For the peoples of Mesopotamia, their cities were the heart of their existence. In the center of their cities stood a ziggurat, a sacred tower, that testified to human strength and generative power. The ancient peoples of Mesopotamia scooped up earth’s resources and invented wheeled vehicles, metalworking, yokes and harnesses. While they innovated the arch, the dome, surveying and mapping, and mathematics, they also gave us professional armies, siege engines, war chariots, and a rigid division of social classes. 
           
This is the world into which Abraham was born, and the world he left at God’s behest. Abraham founded a Mountain Culture, where the goal is to live in harmony with the natural environment, worshiping not human creations, but the Creator. Israel coalesces around their encounter with God at Mt. Sinai in the Wilderness and commits to a Torah that forbids wasting resources and despoiling trees, and provides for the land to renew itself every seven years.

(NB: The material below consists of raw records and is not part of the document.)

(* For every $M\in\mathbb{R}^{n\times n}$ with block structure $0=n_0<n_1<\dots<n_m=n$, $$\|\mathcal{U}_b(M)\|_{S_\infty}\le(\lceil\log_2(m)\rceil+1)\|M\|_{S_\infty}.$$
   Context: Block $(i,j)$, $0\le i,j\le m-1$, consists of rows $n_i+1..n_{i+1}$ and columns $n_j+1..n_{j+1}$. $\mathcal{U}_b(M)$ has blocks $\mathcal{U}_b(M)(i,j)=M(i,j)$ for $i\le j$ and $0$ for $i>j$. $\|\cdot\|_{S_\infty}$ is the spectral norm. *)

theory Defs
  imports "HOL-Analysis.Analysis"
begin

text \<open>Indices of the matrix are the elements of a finite linearly ordered type 'n;
  the position (0-based) of an index i is the number of indices strictly below it.
  So the rows/columns n_a+1..n_(a+1) (1-based) are the indices with position in [n_a, n_(a+1)).\<close>

definition idx_pos :: "'n::{finite,linorder} \<Rightarrow> nat" where
  "idx_pos i = card {j. j < i}"

definition in_block :: "(nat \<Rightarrow> nat) \<Rightarrow> nat \<Rightarrow> 'n::{finite,linorder} \<Rightarrow> bool" where
  "in_block nb a i \<longleftrightarrow> nb a \<le> idx_pos i \<and> idx_pos i < nb (Suc a)"

definition block_structure :: "(nat \<Rightarrow> nat) \<Rightarrow> nat \<Rightarrow> nat \<Rightarrow> bool" where
  "block_structure nb m n \<longleftrightarrow> nb 0 = 0 \<and> (\<forall>a<m. nb a < nb (Suc a)) \<and> nb m = n"

definition block_upper :: "(nat \<Rightarrow> nat) \<Rightarrow> nat \<Rightarrow> real^('n::{finite,linorder})^('n::{finite,linorder}) \<Rightarrow> real^('n::{finite,linorder})^('n::{finite,linorder})" where
  "block_upper nb m M = (\<chi> r c. if (\<exists>a b. a \<le> b \<and> b < m \<and> in_block nb a r \<and> in_block nb b c)
                                 then M $ r $ c else 0)"

definition spec_norm :: "real^'n^'m \<Rightarrow> real" where
  "spec_norm M = onorm (\<lambda>x. M *v x)"

end

theory Submission
  imports Defs
begin

text \<open>Label every index by its block; more generally, bound the part of M whose
  row label is at most its column label, both labels lying in a range [lo, hi), by
  induction on the length of the range. Splitting the range at its midpoint writes this
  part as the parts for the two halves plus one rectangle of M (rows in the lower half,
  columns in the upper half). The two half-parts act on disjoint rows and disjoint
  columns, so their sum has norm at most the larger of their norms, while the rectangle
  is a compression of M. Each halving thus costs one extra \<open>\<parallel>M\<parallel>\<close>, and after
  \<open>\<lceil>log\<^sub>2 m\<rceil>\<close> halvings only single diagonal blocks remain.\<close>

definition coord_proj :: "'n set \<Rightarrow> real^'n \<Rightarrow> real^'n" where
  "coord_proj S x = (\<chi> i. if i \<in> S then x $ i else 0)"

definition mat_restrict :: "'m set \<Rightarrow> 'n set \<Rightarrow> real^'n^'m \<Rightarrow> real^'n^'m" where
  "mat_restrict R C A = (\<chi> r c. if r \<in> R \<and> c \<in> C then A $ r $ c else 0)"

lemma coord_proj_idem [simp]: "coord_proj S (coord_proj S x) = coord_proj S x"
  by (simp add: coord_proj_def vec_eq_iff)

lemma norm_coord_proj_le: "norm (coord_proj S x) \<le> norm x"
  by (rule norm_le_componentwise_cart) (simp add: coord_proj_def)

lemma orthogonal_coord_proj:
  "R \<inter> S = {} \<Longrightarrow> orthogonal (coord_proj R x) (coord_proj S y)"
  unfolding orthogonal_def inner_vec_def coord_proj_def by (intro sum.neutral) auto

lemma coord_proj_Un:
  "R \<inter> S = {} \<Longrightarrow> coord_proj R x + coord_proj S x = coord_proj (R \<union> S) x"
  by (auto simp: coord_proj_def vec_eq_iff)

lemma mat_restrict_mult_vec:
  "mat_restrict R C A *v x = coord_proj R (A *v coord_proj C x)"
  by (auto simp: vec_eq_iff matrix_vector_mult_def coord_proj_def mat_restrict_def
      intro!: sum.cong)

lemma bounded_linear_mult_vec: "bounded_linear (\<lambda>x. (A::real^'n^'m) *v x)"
  using matrix_vector_mul_bounded_linear[of A] by simp

lemma spec_norm_nonneg: "0 \<le> spec_norm A"
  unfolding spec_norm_def by (rule onorm_pos_le[OF bounded_linear_mult_vec])

lemma norm_mult_vec_le_spec_norm: "norm (A *v x) \<le> spec_norm A * norm x"
  unfolding spec_norm_def by (rule onorm[OF bounded_linear_mult_vec])

lemma spec_norm_le:
  "0 \<le> b \<Longrightarrow> (\<And>x. norm (A *v x) \<le> b * norm x) \<Longrightarrow> spec_norm A \<le> b"
  unfolding spec_norm_def by (rule onorm_bound)

lemma spec_norm_triangle: "spec_norm (A + B) \<le> spec_norm A + spec_norm B"
  unfolding spec_norm_def matrix_vector_mult_add_rdistrib
  by (rule onorm_triangle[OF bounded_linear_mult_vec bounded_linear_mult_vec])

lemma spec_norm_mat_restrict_le: "spec_norm (mat_restrict R C A) \<le> spec_norm A"
proof (rule spec_norm_le[OF spec_norm_nonneg])
  fix x
  have "norm (mat_restrict R C A *v x) \<le> norm (A *v coord_proj C x)"
    unfolding mat_restrict_mult_vec by (rule norm_coord_proj_le)
  also have "\<dots> \<le> spec_norm A * norm (coord_proj C x)"
    by (rule norm_mult_vec_le_spec_norm)
  also have "\<dots> \<le> spec_norm A * norm x"
    by (rule mult_left_mono[OF norm_coord_proj_le spec_norm_nonneg])
  finally show "norm (mat_restrict R C A *v x) \<le> spec_norm A * norm x" .
qed

lemma norm_mat_restrict_mult_vec_le:
  "norm (mat_restrict R C A *v x) \<le> spec_norm (mat_restrict R C A) * norm (coord_proj C x)"
proof -
  have "mat_restrict R C A *v x = mat_restrict R C A *v coord_proj C x"
    by (simp add: mat_restrict_mult_vec)
  then show ?thesis
    by (simp add: norm_mult_vec_le_spec_norm)
qed

text \<open>Pinching: both the inputs and the outputs of the two summands are orthogonal.\<close>

lemma spec_norm_disjoint_blocks_le:
  assumes "R1 \<inter> R2 = {}" and "C1 \<inter> C2 = {}"
  shows "spec_norm (mat_restrict R1 C1 A + mat_restrict R2 C2 B)
    \<le> max (spec_norm (mat_restrict R1 C1 A)) (spec_norm (mat_restrict R2 C2 B))"
    (is "spec_norm (?A + ?B) \<le> ?\<mu>")
proof (rule spec_norm_le)
  show "0 \<le> ?\<mu>" by (simp add: le_max_iff_disj spec_norm_nonneg)
  fix x
  let ?x1 = "coord_proj C1 x" and ?x2 = "coord_proj C2 x"
  have y1: "?A *v x = coord_proj R1 (A *v ?x1)" and y2: "?B *v x = coord_proj R2 (B *v ?x2)"
    by (simp_all add: mat_restrict_mult_vec)
  have n1: "norm (?A *v x) \<le> ?\<mu> * norm ?x1"
    by (rule order_trans[OF norm_mat_restrict_mult_vec_le]) (simp add: mult_right_mono)
  have n2: "norm (?B *v x) \<le> ?\<mu> * norm ?x2"
    by (rule order_trans[OF norm_mat_restrict_mult_vec_le]) (simp add: mult_right_mono)
  have "(norm ((?A + ?B) *v x))\<^sup>2 = (norm (?A *v x))\<^sup>2 + (norm (?B *v x))\<^sup>2"
    unfolding matrix_vector_mult_add_rdistrib y1 y2
    by (rule norm_add_Pythagorean[OF orthogonal_coord_proj[OF assms(1)]])
  also have "\<dots> \<le> (?\<mu> * norm ?x1)\<^sup>2 + (?\<mu> * norm ?x2)\<^sup>2"
    by (intro add_mono power_mono n1 n2 norm_ge_zero)
  also have "\<dots> = ?\<mu>\<^sup>2 * (norm (?x1 + ?x2))\<^sup>2"
    by (simp add: norm_add_Pythagorean[OF orthogonal_coord_proj[OF assms(2)]]
        algebra_simps)
  also have "\<dots> \<le> (?\<mu> * norm x)\<^sup>2"
    unfolding coord_proj_Un[OF assms(2)] power_mult_distrib
    by (intro mult_left_mono power_mono norm_coord_proj_le) auto
  finally show "norm ((?A + ?B) *v x) \<le> ?\<mu> * norm x"
    by (rule power2_le_imp_le) (simp add: le_max_iff_disj spec_norm_nonneg)
qed

definition label_set :: "('n \<Rightarrow> nat) \<Rightarrow> nat \<Rightarrow> nat \<Rightarrow> 'n set" where
  "label_set \<beta> lo hi = {i. lo \<le> \<beta> i \<and> \<beta> i < hi}"

definition label_upper :: "('n \<Rightarrow> nat) \<Rightarrow> nat \<Rightarrow> nat \<Rightarrow> real^'n^'n \<Rightarrow> real^'n^'n" where
  "label_upper \<beta> lo hi M =
     (\<chi> r c. if lo \<le> \<beta> r \<and> \<beta> r \<le> \<beta> c \<and> \<beta> c < hi then M $ r $ c else 0)"

lemma label_upper_eq_mat_restrict:
  "label_upper \<beta> lo hi M =
     mat_restrict (label_set \<beta> lo hi) (label_set \<beta> lo hi) (label_upper \<beta> lo hi M)"
  by (auto simp: vec_eq_iff label_upper_def mat_restrict_def label_set_def)

lemma label_upper_single_label:
  "hi \<le> Suc lo \<Longrightarrow>
     label_upper \<beta> lo hi M = mat_restrict (label_set \<beta> lo hi) (label_set \<beta> lo hi) M"
  by (auto simp: vec_eq_iff label_upper_def mat_restrict_def label_set_def)

lemma label_upper_split:
  "lo \<le> mid \<Longrightarrow> mid \<le> hi \<Longrightarrow>
     label_upper \<beta> lo hi M = label_upper \<beta> lo mid M + label_upper \<beta> mid hi M
       + mat_restrict (label_set \<beta> lo mid) (label_set \<beta> mid hi) M"
  by (auto simp: vec_eq_iff label_upper_def mat_restrict_def label_set_def)

lemma label_set_disjoint: "mid \<le> mid' \<Longrightarrow> label_set \<beta> lo mid \<inter> label_set \<beta> mid' hi = {}"
  by (auto simp: label_set_def)

lemma spec_norm_label_upper_le:
  "lo \<le> hi \<Longrightarrow> hi \<le> lo + 2 ^ k \<Longrightarrow>
     spec_norm (label_upper \<beta> lo hi M) \<le> (real k + 1) * spec_norm M"
proof (induction k arbitrary: lo hi)
  case 0
  then have "hi \<le> Suc lo" by simp
  then show ?case
    by (simp add: label_upper_single_label spec_norm_mat_restrict_le)
next
  case (Suc k)
  define mid where "mid = min hi (lo + 2 ^ k)"
  let ?L = "label_upper \<beta> lo mid M" and ?R = "label_upper \<beta> mid hi M"
  have IH: "spec_norm ?L \<le> (real k + 1) * spec_norm M"
    "spec_norm ?R \<le> (real k + 1) * spec_norm M"
    using Suc by (auto simp: mid_def intro!: Suc.IH)
  have "label_upper \<beta> lo hi M
      = ?L + ?R + mat_restrict (label_set \<beta> lo mid) (label_set \<beta> mid hi) M"
    by (rule label_upper_split) (use Suc.prems in \<open>auto simp: mid_def\<close>)
  then have "spec_norm (label_upper \<beta> lo hi M)
      \<le> spec_norm (?L + ?R)
        + spec_norm (mat_restrict (label_set \<beta> lo mid) (label_set \<beta> mid hi) M)"
    by (simp add: spec_norm_triangle)
  also have "\<dots> \<le> max (spec_norm ?L) (spec_norm ?R) + spec_norm M"
    by (intro add_mono spec_norm_mat_restrict_le, subst (1 2 3 4) label_upper_eq_mat_restrict)
      (intro spec_norm_disjoint_blocks_le label_set_disjoint order.refl)
  also have "\<dots> \<le> (real (Suc k) + 1) * spec_norm M"
    using IH by (simp add: algebra_simps)
  finally show ?case .
qed

lemma block_structure_mono:
  assumes "block_structure nb m n" and "a \<le> a'" and "a' \<le> m"
  shows "nb a \<le> nb a'"
  using assms(2,3)
proof (induction a' rule: dec_induct)
  case (step a')
  then show ?case
    using assms(1) unfolding block_structure_def by (metis Suc_le_lessD less_imp_le order_trans)
qed simp

lemma in_block_unique:
  assumes "block_structure nb m n" and "a < m" "a' < m" and "in_block nb a i" "in_block nb a' i"
  shows "a = a'"
proof -
  have "\<not> a < a'" if "a < m" "a' < m" "in_block nb a i" "in_block nb a' i" for a a'
    using that block_structure_mono[OF assms(1), of "Suc a" a'] by (auto simp: in_block_def)
  then show ?thesis
    using assms by (meson linorder_neqE_nat)
qed

lemma exists_step_interval:
  fixes nb :: "nat \<Rightarrow> 'a::linorder"
  shows "nb 0 \<le> p \<Longrightarrow> p < nb m \<Longrightarrow> \<exists>a<m. nb a \<le> p \<and> p < nb (Suc a)"
proof (induction m)
  case (Suc m)
  show ?case
  proof (cases "p < nb m")
    case True
    then show ?thesis using Suc by (meson less_SucI)
  next
    case False
    then show ?thesis using Suc.prems by (intro exI[of _ m]) auto
  qed
qed simp

lemma idx_pos_less_card: "idx_pos (i :: 'n::{finite,linorder}) < CARD('n)"
  unfolding idx_pos_def by (rule psubset_card_mono) auto

definition block_index :: "(nat \<Rightarrow> nat) \<Rightarrow> nat \<Rightarrow> 'n::{finite,linorder} \<Rightarrow> nat" where
  "block_index nb m i = (THE a. a < m \<and> in_block nb a i)"

lemma block_index:
  assumes "block_structure nb m CARD('n)"
  shows "block_index nb m (i :: 'n::{finite,linorder}) < m \<and> in_block nb (block_index nb m i) i"
proof -
  have "\<exists>a<m. in_block nb a i"
    using exists_step_interval[of nb "idx_pos i" m] assms idx_pos_less_card[of i]
    by (auto simp: block_structure_def in_block_def)
  then have "\<exists>!a. a < m \<and> in_block nb a i"
    using in_block_unique[OF assms] by blast
  then show ?thesis
    unfolding block_index_def by (rule theI')
qed

lemma block_upper_eq_label_upper:
  fixes M :: "real^('n::{finite,linorder})^('n::{finite,linorder})"
  assumes "block_structure nb m CARD('n)"
  shows "block_upper nb m M = label_upper (block_index nb m) 0 m M"
proof -
  have in_block_iff: "in_block nb a i \<longleftrightarrow> block_index nb m i = a" if "a < m" for a and i :: 'n
    using block_index[OF assms, of i] in_block_unique[OF assms that] by auto
  have "(\<exists>a b. a \<le> b \<and> b < m \<and> in_block nb a r \<and> in_block nb b c)
      \<longleftrightarrow> block_index nb m r \<le> block_index nb m c" for r c :: 'n
    using in_block_iff block_index[OF assms] by (metis le_less_trans)
  then show ?thesis
    unfolding block_upper_def label_upper_def
    using block_index[OF assms] by (simp add: vec_eq_iff)
qed

lemma le_two_power_ceiling_log2: "1 \<le> m \<Longrightarrow> m \<le> 2 ^ nat \<lceil>log 2 (real m)\<rceil>"
proof -
  assume "1 \<le> m"
  then have "real m = 2 powr log 2 (real m)" by simp
  also have "\<dots> \<le> 2 powr real (nat \<lceil>log 2 (real m)\<rceil>)"
    by (intro powr_mono real_nat_ceiling_ge) auto
  finally show ?thesis
    by (simp add: powr_realpow flip: of_nat_le_iff)
qed

theorem mainTheorem11:
  fixes M :: "real^('n::{finite,linorder})^('n::{finite,linorder})" and nb :: "nat \<Rightarrow> nat" and m :: nat
  assumes "block_structure nb m CARD('n)"
  shows "spec_norm (block_upper nb m M) \<le> (real_of_int \<lceil>log 2 (real m)\<rceil> + 1) * spec_norm M"
proof -
  have "1 \<le> m"
    using assms by (cases m) (auto simp: block_structure_def)
  define k where "k = nat \<lceil>log 2 (real m)\<rceil>"
  have "spec_norm (label_upper (block_index nb m) 0 m M) \<le> (real k + 1) * spec_norm M"
    using le_two_power_ceiling_log2[OF \<open>1 \<le> m\<close>]
    by (intro spec_norm_label_upper_le) (simp_all add: k_def)
  moreover have "real k = real_of_int \<lceil>log 2 (real m)\<rceil>"
    using \<open>1 \<le> m\<close> by (simp add: k_def)
  ultimately show ?thesis
    by (simp add: block_upper_eq_label_upper[OF assms])
qed

end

Paul L. Wachtel penned a psychological portrait of America’s presumptions concerning economic growth, acquisition, status, and happiness in The Poverty of Affluence. Wachtel wrote prophetically that our dogged pursuit of economic growth is self-defeating. Status quo is perceived as failure; only becoming more affluent meets the American standard for “success.” So we buy more, use more, consume more – and it has a devastating effect on the environment. Wachtel concludes: "The key to forging a future that we can look upon with hopeful anticipation is not in making us more 'competitive'. It is in making us more perceptive, more able to realize what we have, what we need, and the longer term consequences of the short-term choices we are making.” This is true not only for our status and happiness, but for the wellbeing of the earth.

Midrash Kohelet (on Ecclesiasties) articulates a startling and prescient warning:

 “Upon creating the first human beings, God guided [Adam and Eve] around the Garden of Eden, saying, ‘Look at My creations! See how beautiful and praiseworthy they are! I created everything for you. Make sure you don’t ruin or destroy My world. If you do, there will be no one after you to repair it.’” (Kohelet 7:13)

Many of us recycle, compost, use compact fluorescent lights, and drive hybrid cars. But have we appreciably reduced our consumption and waste? On the national and global level, the pursuit of renewable sources of energy moves at a glacial pace. Closer to home, the social change that severs the equation between “success” and acquisition, remains firmly intact. 

Physical pleasure is a blessing, a blessing that reminds us that outside the Garden, resources are limited and we are earth’s divinely appointed stewards.